What the exercise asks
Please return, with no alterations, the lines below from the very first through the one that contains "order_trans by blast".

Material provided

lemma expected_tokens_at_le:
  assumes walk_le: "\<And>u. u \<in> agents N \<Longrightarrow> walkprob E N L u i \<le> 1 / real N + 1 / real N ^ 3"
    and S: "S \<subseteq> agents N" and N: "10 \<le> real N" and K: "real K \<le> c"
  shows "(\<Sum>t\<in>tokens S K. walkprob E N L (fst t) i) \<le> c * (101 / 100)"
proof -
  define x where "x = real N"
  have "0 \<le> c" using K of_nat_0_le_iff order_trans by blast
  have "fst t \<in> agents N" if "t \<in> tokens S K" for t
    using that S by (auto simp: tokens_def)
  then have "(\<Sum>t\<in>tokens S K. walkprob E N L (fst t) i) \<le> (\<Sum>t\<in>tokens S K. 1 / x + 1 / x ^ 3)"
    using walk_le unfolding x_def by (intro sum_mono) blast
  also have "\<dots> = real (card (tokens S K)) * (1 / x + 1 / x ^ 3)" by simp
  also have "\<dots> \<le> c * x * (1 / x + 1 / x ^ 3)"
    using card_tokens_le[OF S K] N by (intro mult_right_mono) (auto simp: x_def)
  also have "\<dots> = c * (1 + 1 / x\<^sup>2)"
    using N by (simp add: x_def field_simps power2_eq_square power3_eq_cube)
  also have "\<dots> \<le> c * (101 / 100)"
    using \<open>0 \<le> c\<close> N mult_mono[OF N N]
    by (intro mult_left_mono) (auto simp: x_def divide_simps power2_eq_square)
  finally show ?thesis .
qed

lemma ends_prob_few_tokens_at:
  fixes h :: real
  assumes irrefl: "\<And>a. \<not> E a a"
    and mixing: "\<And>u j. u \<in> agents N \<Longrightarrow> j \<in> agents N \<Longrightarrow>
        1 / real N - 1 / real N ^ 3 \<le> walkprob E N L u j \<and>
        walkprob E N L u j \<le> 1 / real N + 1 / real N ^ 3"
    and S: "S \<subseteq> agents N" and i: "i \<in> agents N"
    and N: "10 \<le> real N" and h: "176 \<le> h" and K: "real K \<le> h * real N + 1"
    and P: "\<And>f. real (card {t \<in> tokens S K. f t = i}) \<le> 2 * h * real N \<Longrightarrow> P f"
  shows "1 - 1 / real N ^ 10 \<le> ends_prob E N L S K P"
proof -
  define x where "x = real N"
  define \<mu> where "\<mu> = (\<Sum>t\<in>tokens S K. walkprob E N L (fst t) i)"
  have fin: "finite (agents N)" "finite (tokens S K)"
    using S finite_subset by (auto simp: agents_def tokens_def)
  have start: "fst t \<in> agents N" if "t \<in> tokens S K" for t
    using that S by (auto simp: tokens_def)
  have "1 / x ^ 3 \<le> 1 / x ^ 1" using N by (intro divide_left_mono power_increasing) (auto simp: x_def)
  then have walk_nonneg: "0 \<le> walkprob E N L u j" if "u \<in> agents N" "j \<in> agents N" for u j
    using mixing[OF that] by (simp add: x_def)
  have "\<mu> \<le> (h * x + 1) * (101 / 100)"
    unfolding \<mu>_def x_def using mixing i by (intro expected_tokens_at_le[OF _ S N K]) blast
  then have "\<mu> \<le> (102 / 100) * (h * x)"
    using mult_mono[OF h N] h by (simp add: x_def)
  moreover have "0 \<le> \<mu>"
    unfolding \<mu>_def using walk_nonneg[OF start i] by (intro sum_nonneg)
  moreover have "exp 1 - 1 \<le> (172 / 100 :: real)" using e_less_272 by simp
  ultimately have "(exp 1 - 1) * \<mu> \<le> (172 / 100) * ((102 / 100) * (h * x))"
    by (intro mult_mono) auto
  then have "(exp 1 - 1) * \<mu> - 2 * h * x \<le> - 10 * x"
    using mult_right_mono[OF h, of x] N unfolding x_def by linarith
  then have "exp ((exp 1 - 1) * \<mu> - 2 * h * x) \<le> exp (- 10 * x)" by simp
  also have "\<dots> = 1 / exp x ^ 10" by (simp add: exp_minus exp_of_nat_mult[symmetric] field_simps)
  also have "\<dots> \<le> 1 / x ^ 10"
    using N exp_ge_add_one_self[of x]
    by (intro divide_left_mono power_mono) (auto simp: x_def simp del: exp_ge_add_one_self)
  finally have tail: "exp ((exp 1 - 1) * \<mu> - 2 * h * x) \<le> 1 / x ^ 10" .
  have "1 - exp ((exp 1 - 1) * \<mu> - 1 * (2 * h * x)) \<le> ends_prob E N L S K P"
    unfolding ends_prob_def \<mu>_def
  proof (rule chernoff_PiE_count[OF fin(2,1) i])
    show "0 \<le> walkprob E N L (fst t) j" if "t \<in> tokens S K" "j \<in> agents N" for t j
      using walk_nonneg[OF start[OF that(1)] that(2)] .
    show "(\<Sum>j\<in>agents N. walkprob E N L (fst t) j) = 1" if "t \<in> tokens S K" for t
      using walkprob_row_sum[OF irrefl start[OF that]] .
  qed (use P in \<open>auto simp: x_def\<close>)
  then show ?thesis using tail by (simp add: x_def)
qed
lemma nest_sum_step:
  assumes r: "r \<le> l" and pos: "\<forall>i\<in>{r..l}. 0 < beta i"
  shows "nest_sum alpha beta l r n m =
    (\<Sum>a=beta r..n. \<Sum>b=alpha r..m div n.
       of_nat ((a - 1) choose (beta r - 1)) * of_nat ((b - 1) choose (alpha r - 1)) *
       nest_sum alpha beta l (Suc r) (n - a) (m - b * n))"
proof -
  define c :: "nat \<times> nat \<Rightarrow> rat"
    where "c = (\<lambda>(a, b). of_nat ((a - 1) choose (beta r - 1)) * of_nat ((b - 1) choose (alpha r - 1)))"
  define g where "g = (\<lambda>(ab, jk). c ab * nest_weight alpha beta l (Suc r) jk)"
  have "nest_sum alpha beta l r n m =
      (\<Sum>jk\<in>nest_indices alpha beta l r n m. g ((\<lambda>(j, k). ((j r, k r), (j(r := undefined), k(r := undefined)))) jk))"
    unfolding nest_sum_def using nest_weight_split[OF r] by (intro sum.cong) (auto simp: g_def c_def)
  also have "\<dots> = (\<Sum>ab\<in>{beta r..n} \<times> {alpha r..m div n}.
      \<Sum>jk\<in>nest_indices alpha beta l (Suc r) (n - fst ab) (m - snd ab * n). g (ab, jk))"
    using pos r finite_nest_indices[of "Suc r" l beta]
    by (subst sum.reindex_bij_betw[OF bij_betw_nest_indices_restrict[OF r]]) (simp_all add: sum.Sigma)
  also have "\<dots> = (\<Sum>a=beta r..n. \<Sum>b=alpha r..m div n. c (a, b) * nest_sum alpha beta l (Suc r) (n - a) (m - b * n))"
    by (simp add: g_def sum.cartesian_product nest_sum_def sum_distrib_left split_def)
  finally show ?thesis by (simp add: c_def)
qed
theorem mainTheorem10:
  fixes \<F> :: "signature set" and F :: signature
  assumes "premise_P \<F>"
    and "F \<in> \<F>"
    and "even (fst F)"
  shows "(\<forall>m lab W. 0 < m \<and> valid_gadget {F} m lab W [] \<longrightarrow> network_value m lab W = 0)
       \<or> (\<forall>m lab W. 0 < m \<and> valid_gadget {F} m lab W [] \<longrightarrow> network_value m lab W \<noteq> 0)"
proof -
  obtain k where k: "fst F = 2 * k"
    using assms(3) by (rule evenE)
  have "network_value m lab W = 0 \<longleftrightarrow> loop_value F k = 0"
    if "0 < m" and "valid_gadget {F} m lab W []" for m lab W
  proof -
    have "network_value m lab W = network_value m (\<lambda>_. F) W"
      using valid_gadget_uniform(2)[OF that(2) assms(2)] by (rule network_value_cong)
    then show ?thesis
      using network_value_eq_0_iff_canonical[OF assms(1) k valid_gadget_uniform(1)[OF that(2) assms(2)]]
        network_value_canonical_wiring[OF k] that(1) by simp
  qed
  then show ?thesis
    by blast
qed

end
context
  fixes q :: real and D :: "(real ^ 'i) measure"
  assumes D: "dist_on_lq_ball q D" and q: "q > 0"
begin

interpretation prob_space D using D by (simp add: dist_on_lq_ball_def)

private lemma sets_eq_borel: "sets D = sets borel" using D by (simp add: dist_on_lq_ball_def)

private lemma AE_lq_norm_le_1: "AE w in D. lq_norm q w \<le> 1" using D by (simp add: dist_on_lq_ball_def)

private lemma measurable_from_borel: "f \<in> borel_measurable borel \<Longrightarrow> f \<in> borel_measurable D"
  by (subst measurable_cong_sets[OF sets_eq_borel refl])

lemma integrable_level_query: "integrable D (level_query M i b j)"
  by (rule integrable_const_bound[where B = 1])
     (auto intro!: measurable_from_borel simp: abs_le_iff level_query_le_1 level_query_nonneg)

lemma integrable_dyadic_level_abs: "integrable D (\<lambda>w. dyadic_level M j \<bar>w $ i\<bar>)"
  by (simp add: integrable_level_query flip: level_query_pair)

lemma integral_level_query_bounds:
  "0 \<le> (\<integral>w. level_query M i b j w \<partial>D)" "(\<integral>w. level_query M i b j w \<partial>D) \<le> 1"
proof -
  show "0 \<le> (\<integral>w. level_query M i b j w \<partial>D)"
    by (rule integral_nonneg_AE) (simp add: level_query_nonneg)
  have "(\<integral>w. level_query M i b j w \<partial>D) \<le> (\<integral>w. 1 \<partial>D)"
    by (rule integral_mono_AE[OF integrable_level_query]) (auto simp: level_query_le_1)
  then show "(\<integral>w. level_query M i b j w \<partial>D) \<le> 1" by (simp add: prob_space)
qed

lemma mean_eq_sum_level_integrals:
  assumes "0 < M"
  shows "(\<integral>w. w \<partial>D) $ i =
    (\<Sum>j<M. (1/2)^j * ((\<integral>w. level_query M i True j w \<partial>D) - (\<integral>w. level_query M i False j w \<partial>D)))"
proof -
  have "integrable D (\<lambda>w. w)"
  proof (rule integrable_const_bound[where B = "real CARD('i)"])
    show "AE w in D. norm w \<le> real CARD('i)"
      using AE_lq_norm_le_1
    proof eventually_elim
      case (elim w)
      have "norm w \<le> (\<Sum>i\<in>UNIV. \<bar>w $ i\<bar>)" by (rule norm_le_l1_cart)
      also have "\<dots> \<le> (\<Sum>i\<in>(UNIV::'i set). 1)"
        by (rule sum_mono) (rule lq_norm_le_1_imp_abs_le_1[OF elim q])
      finally show ?case by simp
    qed
  qed (intro measurable_from_borel, simp)
  then have "(\<integral>w. w \<partial>D) $ i = (\<integral>w. w $ i \<partial>D)"
    using integral_bounded_linear[OF bounded_linear_vec_nth, of D "\<lambda>w. w" i] by simp
  also have "\<dots> = (\<integral>w. (\<Sum>j<M. (1/2)^j * (level_query M i True j w - level_query M i False j w)) \<partial>D)"
  proof (rule integral_cong_AE)
    show "AE w in D. w $ i = (\<Sum>j<M. (1/2)^j * (level_query M i True j w - level_query M i False j w))"
      using AE_lq_norm_le_1
    proof eventually_elim
      case (elim w)
      show ?case using sum_level_query_diff[OF assms lq_norm_le_1_imp_abs_le_1[OF elim q]] by simp
    qed
  qed (auto intro!: measurable_from_borel)
  also have "\<dots> = (\<Sum>j<M. (1/2)^j * ((\<integral>w. level_query M i True j w \<partial>D) - (\<integral>w. level_query M i False j w \<partial>D)))"
    by (simp add: integrable_level_query)
  finally show ?thesis .
qed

Answer section
lemma expected_tokens_at_le:
  assumes walk_le: "\<And>u. u \<in> agents N \<Longrightarrow> walkprob E N L u i \<le> 1 / real N + 1 / real N ^ 3"
    and S: "S \<subseteq> agents N" and N: "10 \<le> real N" and K: "real K \<le> c"
  shows "(\<Sum>t\<in>tokens S K. walkprob E N L (fst t) i) \<le> c * (101 / 100)"
proof -
  define x where "x = real N"
  have "0 \<le> c" using K of_nat_0_le_iff order_trans by blast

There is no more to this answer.